ATLANTIC CITY, N.J. – Two new casinos proposed for northern New Jersey near New York City could save, or destroy, Atlantic City, panelists at a major casino conference said Thursday.
Speaking at the East Coast Gaming Congress and iGaming Institute, proponents praised the proposed casinos as the last, best chance to save Atlantic City, because they would send $200 million a year — for a time — to the struggling seaside resort.
But Atlantic City casino officials say the new in-state competition could cause three to five of the surviving eight casinos there to shut down.
“Mark it down in your pads today: It’s going to happen,” Resorts Casino Hotel president Mark Giannantonio said.
He also said New Jersey adding casinos on New York City’s doorstep will force New York State to add its own casinos in Manhattan, or nearby.
“The second these two new casinos open in north Jersey, New York City will retaliate violently,” he said.

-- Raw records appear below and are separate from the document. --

(* For $n\ge 1$, let $S_n$ denote the bitsum (number of $1$s) of a persolus bitstring of length $n$ chosen uniformly at random among all persolus bitstrings of length $n$. Then \[ \lim_{n\to\infty}\frac{\mathbb{E}(S_n)}{n}=\frac{1}{3}\left[1-\left(\frac{31+3\sqrt{93}}{1922}\right)^{1/3}-\left(\frac{31-3\sqrt{93}}{1922}\right)^{1/3}\right]=0.1942540040\ldots, \] \[ \lim_{n\to\infty}\frac{\mathbb{V}(S_n)}{n}=\frac{1}{2883}\left(\frac{93}{2}\right)^{1/3}\left[\left(8649+457\sqrt{93}\right)^{1/3}+\left(8649-457\sqrt{93}\right)^{1/3}\right]=0.0495615175\ldots \]
   Context: A finite bitstring (a finite word over $\{0,1\}$) is called persolus if every $1$ in it is isolated (no two $1$s are adjacent) and each of its $0$s has at least one neighboring (adjacent) $0$. For every $n\ge1$ there is at least one persolus bitstring of length $n$. $\mathbb{E}$ and $\mathbb{V}$ denote expectation and variance with respect to the uniform distribution on persolus bitstrings of length $n$. *)

theory Defs
  imports "HOL-Analysis.Analysis"
begin

text \<open>Bitstrings are lists of booleans; True represents the bit 1, False the bit 0.\<close>

definition persolus :: "bool list \<Rightarrow> bool" where
  "persolus w \<longleftrightarrow>
     (\<forall>i. Suc i < length w \<longrightarrow> \<not> (w ! i \<and> w ! Suc i)) \<and>
     (\<forall>i < length w. \<not> w ! i \<longrightarrow>
        ((i > 0 \<and> \<not> w ! (i - 1)) \<or> (Suc i < length w \<and> \<not> w ! Suc i)))"

definition persolus_strings :: "nat \<Rightarrow> bool list set" where
  "persolus_strings n = {w. length w = n \<and> persolus w}"

definition bitsum :: "bool list \<Rightarrow> nat" where
  "bitsum w = length (filter id w)"

definition ES :: "nat \<Rightarrow> real" where
  "ES n = (\<Sum>w\<in>persolus_strings n. real (bitsum w)) / real (card (persolus_strings n))"

definition VS :: "nat \<Rightarrow> real" where
  "VS n = (\<Sum>w\<in>persolus_strings n. (real (bitsum w) - ES n)\<^sup>2) / real (card (persolus_strings n))"

end

theory Submission
  imports Defs "HOL-Real_Asymp.Real_Asymp"
begin
lemma coord_cones_eventually_apart:
  fixes B :: "'a::euclidean_space set" and U V :: "nat \<Rightarrow> 'a set"
  assumes B: "independent B" "span B = UNIV" and BPQ: "B = P \<union> Q" "P \<inter> Q = {}"
    and r: "0 \<le> r" "r < 1" and "0 \<le> \<alpha>" "0 \<le> \<beta>"
    and U: "\<And>k u. u \<in> U k \<Longrightarrow> coord_norm B Q u \<le> r ^ k * \<alpha> * coord_norm B P u"
    and V: "\<And>k v. v \<in> V k \<Longrightarrow> coord_norm B P v \<le> r ^ k * \<beta> * coord_norm B Q v"
  shows "\<exists>K. \<exists>\<delta>>0. \<forall>kp km u v. K \<le> kp + km \<longrightarrow> u \<in> U kp \<longrightarrow> v \<in> V km \<longrightarrow>
           norm u = 1 \<longrightarrow> norm v = 1 \<longrightarrow> \<delta> \<le> norm (u - v)"
proof -
  have fin: "finite P" "finite Q"
    using finiteI_independent[OF B(1)] BPQ by auto
  obtain c where c: "c > 0" "\<And>x. norm x \<le> c * (coord_norm B P x + coord_norm B Q x)"
    using norm_le_coord_norm[OF B] unfolding BPQ(1) coord_norm_Un[OF fin BPQ(2)] by blast
  obtain c' where c': "c' > 0" "\<And>x. coord_norm B P x + coord_norm B Q x \<le> c' * norm x"
    using coord_norm_le_norm[OF B finiteI_independent[OF B(1)]]
    unfolding BPQ(1) coord_norm_Un[OF fin BPQ(2)] by blast
  obtain K0 where K0: "\<And>k k'. k \<ge> K0 \<Longrightarrow> r ^ k * \<alpha> \<le> 1 \<and> r ^ k * \<alpha> * (r ^ k' * \<beta>) \<le> 1/2"
    "\<And>k k'. k \<ge> K0 \<Longrightarrow> r ^ k * \<beta> \<le> 1 \<and> r ^ k * \<beta> * (r ^ k' * \<alpha>) \<le> 1/2"
    using eventually_conj[OF eventually_power_cone_small[OF r \<open>0 \<le> \<alpha>\<close> \<open>0 \<le> \<beta>\<close>]
        eventually_power_cone_small[OF r \<open>0 \<le> \<beta>\<close> \<open>0 \<le> \<alpha>\<close>]]
    unfolding eventually_sequentially by blast
  have bounded: "0 \<le> r ^ k * \<alpha>" "r ^ k * \<alpha> \<le> \<alpha>" "0 \<le> r ^ k * \<beta>" "r ^ k * \<beta> \<le> \<beta>" for k
    using r \<open>0 \<le> \<alpha>\<close> \<open>0 \<le> \<beta>\<close> by (simp_all add: mult_left_le_one_le power_le_one)
  have apart: "1 \<le> 4 * (\<alpha> + \<beta> + 1) * c * c' * norm (u - v)"
    if K: "2 * K0 \<le> kp + km" and uv: "u \<in> U kp" "v \<in> V km" "norm u = 1" "norm v = 1" for kp km u v
  proof (cases "kp \<ge> K0")
    case True
    have "1 \<le> 4 * (r ^ km * \<beta> + 1) * c * c' * norm (u - v)"
      using bounded K0(1)[OF True]
      by (intro coord_cone_unit_apart[OF B c(2) c'(2) U[OF uv(1)] uv(3) V[OF uv(2)]]) auto
    also have "\<dots> \<le> 4 * (\<alpha> + \<beta> + 1) * c * c' * norm (u - v)"
      using bounded(4)[of km] \<open>0 \<le> \<alpha>\<close> c(1) c'(1) by (intro mult_right_mono) auto
    finally show ?thesis .
  next
    case False
    \<comment> \<open>now the cone containing \<open>v\<close> is the thin one, so the roles of \<open>P\<close> and \<open>Q\<close> are exchanged\<close>
    then have "km \<ge> K0"
      using K by linarith
    have "1 \<le> 4 * (r ^ kp * \<alpha> + 1) * c * c' * norm (v - u)"
      using bounded K0(2)[OF \<open>km \<ge> K0\<close>] c(2) c'(2)
      by (intro coord_cone_unit_apart[OF B _ _ V[OF uv(2)] uv(4) U[OF uv(1)]]) (auto simp: add.commute)
    also have "\<dots> = 4 * (r ^ kp * \<alpha> + 1) * c * c' * norm (u - v)"
      by (simp add: norm_minus_commute)
    also have "\<dots> \<le> 4 * (\<alpha> + \<beta> + 1) * c * c' * norm (u - v)"
      using bounded(2)[of kp] \<open>0 \<le> \<beta>\<close> c(1) c'(1) by (intro mult_right_mono) auto
    finally show ?thesis .
  qed
  have "0 < 4 * (\<alpha> + \<beta> + 1) * c * c'"
    using c(1) c'(1) \<open>0 \<le> \<alpha>\<close> \<open>0 \<le> \<beta>\<close> by simp
  with apart show ?thesis
    by (intro exI[of _ "2 * K0"] exI[of _ "1 / (4 * (\<alpha> + \<beta> + 1) * c * c')"])
       (auto simp: pos_divide_le_eq mult.commute)
qed
(* For every $\tau\in\mathbb C$ and every VK parameters $\alpha,\beta,\gamma$, as formal power series in $t$, $$1+\sum_{k\ge1}\epsilon_{\alpha,\beta,\gamma}(\pi_\tau g_k)\,t^k=e^{\gamma\theta\tau t}\prod_{i=1}^\infty\frac{1+\theta\beta_i(\tau-\theta\beta_i)t}{(1-\alpha_i(\tau+\alpha_i)t)^{\theta}}.$$
   Context: Fix $\theta>0$. $\Lambda$ is the algebra of symmetric functions in $x_1,x_2,\dots$; $g_k\in\Lambda$ are defined by $1+\sum_{k\ge1}g_kt^k=\prod_j(1-x_jt)^{-\theta}$. VK parameters: $\alpha_1\ge\alpha_2\ge\dots\ge0$, $\beta_1\ge\beta_2\ge\dots\ge0$, $\gamma\ge0$, $\sum(\alpha_i+\beta_i)<\infty$. $\epsilon_{\alpha,\beta,\gamma}:\Lambda\to\mathbb C$ is the algebra homomorphism with $1+\sum_k\epsilon_{\alpha,\beta,\gamma}(g_k)t^k=e^{\gamma\theta t}\prod_i\frac{1+\beta_i\theta t}{(1-\alpha_it)^\theta}$. For $\tau\in\mathbb C$, $\pi_\tau:\Lambda\to\Lambda$ is the homomorphism $(\pi_\tau f)(x_1,x_2,\dots)=f(x_1(x_1+\tau),x_2(x_2+\tau),\dots)$. *)

theory Defs
  imports Complex_Main "HOL-Library.Poly_Mapping" "HOL-Computational_Algebra.Formal_Power_Series"
begin

text \<open>A formal power series in countably many variables x_0, x_1, ... with complex
coefficients: the coefficient of the monomial x^a, a a finitely supported exponent vector.\<close>
type_synonym sfun = "(nat \<Rightarrow>\<^sub>0 nat) \<Rightarrow> complex"

definition mdeg :: "(nat \<Rightarrow>\<^sub>0 nat) \<Rightarrow> nat" where
  "mdeg a = (\<Sum>j\<in>Poly_Mapping.keys a. Poly_Mapping.lookup a j)"

definition sf_symmetric :: "sfun \<Rightarrow> bool" where
  "sf_symmetric f \<longleftrightarrow>
     (\<forall>a b (\<sigma>::nat \<Rightarrow> nat). bij \<sigma> \<longrightarrow> (\<forall>j. Poly_Mapping.lookup b j = Poly_Mapping.lookup a (\<sigma> j)) \<longrightarrow> f b = f a)"

definition Lam :: "sfun set" where
  "Lam = {f. sf_symmetric f \<and> (\<exists>d. \<forall>a. f a \<noteq> 0 \<longrightarrow> mdeg a \<le> d)}"

definition sf_add :: "sfun \<Rightarrow> sfun \<Rightarrow> sfun" where
  "sf_add f g = (\<lambda>a. f a + g a)"

definition sf_scale :: "complex \<Rightarrow> sfun \<Rightarrow> sfun" where
  "sf_scale c f = (\<lambda>a. c * f a)"

definition sf_mult :: "sfun \<Rightarrow> sfun \<Rightarrow> sfun" where
  "sf_mult f g = (\<lambda>a. \<Sum>b\<in>{b. \<forall>j. Poly_Mapping.lookup b j \<le> Poly_Mapping.lookup a j}. f b * g (a - b))"

definition sf_one :: sfun where
  "sf_one = (\<lambda>a. if a = 0 then 1 else 0)"

definition sf_alg_hom :: "(sfun \<Rightarrow> complex) \<Rightarrow> bool" where
  "sf_alg_hom E \<longleftrightarrow>
     (\<forall>f\<in>Lam. \<forall>g\<in>Lam. E (sf_add f g) = E f + E g \<and> E (sf_mult f g) = E f * E g) \<and>
     (\<forall>c. \<forall>f\<in>Lam. E (sf_scale c f) = c * E f) \<and> E sf_one = 1"

text \<open>g_k: coefficient of t^k in prod_j (1 - x_j t)^(-theta), expanded:
  (1 - x t)^(-theta) = sum_n (theta)_n / n! x^n t^n.\<close>
definition gk :: "real \<Rightarrow> nat \<Rightarrow> sfun" where
  "gk \<theta> k = (\<lambda>a. if mdeg a = k
      then (\<Prod>j\<in>Poly_Mapping.keys a. pochhammer (complex_of_real \<theta>) (Poly_Mapping.lookup a j) / fact (Poly_Mapping.lookup a j))
      else 0)"

text \<open>pi_tau: substitution x_j := x_j (x_j + tau); coefficientwise,
  x^b |-> prod_j sum_m (b_j choose m) tau^(b_j - m) x_j^(b_j + m).\<close>
definition pi_tau :: "complex \<Rightarrow> sfun \<Rightarrow> sfun" where
  "pi_tau \<tau> f = (\<lambda>a. \<Sum>b\<in>{b. \<forall>j. Poly_Mapping.lookup b j \<le> Poly_Mapping.lookup a j}.
      f b * (\<Prod>j\<in>Poly_Mapping.keys a. of_nat (Poly_Mapping.lookup b j choose (Poly_Mapping.lookup a j - Poly_Mapping.lookup b j))
                            * \<tau> ^ (2 * Poly_Mapping.lookup b j - Poly_Mapping.lookup a j)))"

definition fps_one_minus_pow :: "complex \<Rightarrow> complex \<Rightarrow> complex fps" where
  "fps_one_minus_pow d s = fps_binomial s oo (- fps_const d * fps_X)"

definition fps_infprod_convergent :: "(nat \<Rightarrow> complex fps) \<Rightarrow> bool" where
  "fps_infprod_convergent F \<longleftrightarrow> (\<forall>n. convergent (\<lambda>N. fps_nth (\<Prod>i<N. F i) n))"

definition fps_infprod :: "(nat \<Rightarrow> complex fps) \<Rightarrow> complex fps" where
  "fps_infprod F = Abs_fps (\<lambda>n. lim (\<lambda>N. fps_nth (\<Prod>i<N. F i) n))"

definition VK_params :: "(nat \<Rightarrow> real) \<Rightarrow> (nat \<Rightarrow> real) \<Rightarrow> real \<Rightarrow> bool" where
  "VK_params \<alpha> \<beta> \<gamma> \<longleftrightarrow> antimono \<alpha> \<and> antimono \<beta> \<and> (\<forall>i. \<alpha> i \<ge> 0 \<and> \<beta> i \<ge> 0) \<and>
     \<gamma> \<ge> 0 \<and> summable (\<lambda>i. \<alpha> i + \<beta> i)"

definition is_eps :: "real \<Rightarrow> (nat \<Rightarrow> real) \<Rightarrow> (nat \<Rightarrow> real) \<Rightarrow> real \<Rightarrow> (sfun \<Rightarrow> complex) \<Rightarrow> bool" where
  "is_eps \<theta> \<alpha> \<beta> \<gamma> E \<longleftrightarrow> sf_alg_hom E \<and>
     Abs_fps (\<lambda>k. if k = 0 then 1 else E (gk \<theta> k)) =
       fps_exp (complex_of_real (\<gamma> * \<theta>)) *
       fps_infprod (\<lambda>i. (1 + fps_const (complex_of_real (\<beta> i * \<theta>)) * fps_X) *
                        fps_one_minus_pow (complex_of_real (\<alpha> i)) (- complex_of_real \<theta>))"

end

theory Submission
  imports Defs
begin

text \<open>
  Put \<open>T = X\<^sup>2 / (1 + \<tau> X)\<close> and \<open>V = - X / (1 + \<tau> X)\<close>. Then \<open>X + V = \<tau> T\<close> and \<open>X V = - T\<close>, so
  \<open>1 - x (x + \<tau>) T = (1 - x X) (1 - x V)\<close>, and the generating series
  \<open>G(t) = \<Sum>\<^sub>k g\<^sub>k t\<^sup>k = \<Prod>\<^sub>j (1 - x\<^sub>j t)\<^sup>-\<^sup>\<theta>\<close> satisfies \<open>(\<pi>\<^sub>\<tau> G)(T) = G(X) G(V)\<close>.
  Since \<open>X\<close> and \<open>V\<close> are the two roots of \<open>Y\<^sup>2 - \<tau> T Y - T\<close>, a product \<open>A(X) A(V)\<close> is a power series
  \<open>\<Psi>\<^sub>\<tau>(A)\<close> in \<open>T\<close> whose \<open>k\<close>-th coefficient is a fixed quadratic form in \<open>A\<^sub>0, \<dots>, A\<^sub>2\<^sub>k\<close>. Hence
  \<open>\<pi>\<^sub>\<tau> g\<^sub>k\<close> is that quadratic form in the \<open>g\<^sub>m\<close>, and applying the specialisation \<open>\<epsilon>\<close> gives
  \<open>\<Sum>\<^sub>k \<epsilon>(\<pi>\<^sub>\<tau> g\<^sub>k) t\<^sup>k = \<Psi>\<^sub>\<tau>(\<Sum>\<^sub>k \<epsilon>(g\<^sub>k) t\<^sup>k)\<close>.

  \<open>\<Psi>\<^sub>\<tau>\<close> is multiplicative and coefficientwise continuous; it maps \<open>e\<^sup>c\<^sup>t\<close> to \<open>e\<^sup>\<tau>\<^sup>c\<^sup>t\<close>, \<open>1 + b t\<close> to
  \<open>1 + b (\<tau> - b) t\<close> and \<open>(1 - a t)\<^sup>-\<^sup>\<theta>\<close> to \<open>(1 - a (\<tau> + a) t)\<^sup>-\<^sup>\<theta>\<close>. Applied factor by factor to the
  product defining \<open>\<epsilon>\<close>, this gives the formula. The new infinite product converges because
  \<open>\<Psi>\<^sub>\<tau>\<close> is continuous and the original factors have nonnegative coefficients with
  \<open>\<Sum> (\<alpha>\<^sub>i + \<beta>\<^sub>i) < \<infinity>\<close>.
\<close>

unbundle fps_syntax

lemma fps_linear_ode_unique:
  fixes F G D Q :: "'a::{idom,semiring_char_0} fps"
  assumes "D $ 0 = 1"
    and "D * fps_deriv F = Q * F" and "D * fps_deriv G = Q * G"
    and "F $ 0 = G $ 0"
  shows "F = G"
proof -
  define H where "H = F - G"
  have ode: "D * fps_deriv H = Q * H" using assms(2,3) by (simp add: H_def algebra_simps)
  have "\<forall>m\<le>n. H $ m = 0" for n
  proof (induction n)
    case 0
    then show ?case using assms(4) by (simp add: H_def)
  next
    case (Suc n)
    \<comment> \<open>\<open>D$0 = 1\<close> makes coefficient \<open>n\<close> of \<open>D * H'\<close> equal to \<open>(n+1) * H$(n+1)\<close>\<close>
    have "(D * fps_deriv H) $ n = (\<Sum>i\<in>{0}. D $ i * (of_nat (n - i + 1) * H $ (n - i + 1)))"
      unfolding fps_mult_nth fps_deriv_nth using Suc.IH
      by (intro sum.mono_neutral_right) auto
    moreover have "(Q * H) $ n = 0" using Suc.IH by (simp add: fps_mult_nth)
    ultimately have "of_nat (n + 1) * H $ (n + 1) = 0" using ode assms(1) by simp
    then have "H $ Suc n = 0" by (simp del: of_nat_Suc)
    then show ?case using Suc.IH le_Suc_eq by auto
  qed
  then show ?thesis by (auto simp: H_def fps_eq_iff)
qed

New Jersey voters will decide in November whether to authorize two new casinos in the northern part of the state. Locations are not specified, but the two leading contenders are at the Meadowlands Racetrack in East Rutherford, where the NFL’s New York Jets and Giants play, and in Jersey City, where Reebok magnate Paul Fireman proposes a casino resort worth about $5 billion.
Fireman said his project is about luring tourists from New York City, not Atlantic City.
“My intention is 40 to 50 per cent of our customers will come by water” across the Hudson River, he said. “We intend to take the money out of New York instead of New York taking money out of New Jersey.”
It would include a 60-to-80-story hotel tower and nine restaurants adjacent to a golf course in the shadow of the New York skyline.
Analysts say the proposed new casinos could be among the most successful in the nation — at least until one or more open in New York City. Opponents fear the new north Jersey casinos will kill much of what is left of Atlantic City.
“We are in an oversaturated market, and the way we’re going to help Atlantic City is to build another casino to compete with it?” asked state Assemblyman Chris Brown, an Atlantic City-area Republican.
Jeff Gural, who operates the Meadowlands Racetrack and proposes a casino there, scoffed at opponents’ predictions of massive additional Atlantic City casino closures.
“Are they serious saying three to five casinos would close?” he asked. “Seriously? That’s crazy. The people that do those studies are the same ones who decided it would be a good idea to open Revel.”
He was referring to Atlantic City’s most spectacular casino failure, the $2.4 billion Revel resort that closed after just over two years of never having turned a profit.
Gural also said the current proposal for north Jersey casinos is Atlantic City’s best bet to help itself through the casino revenue the northern casinos would send to the city.
Gural said if this fall’s referendum fails, a new one will likely be proposed in two years, but without any aid being diverted to Atlantic City.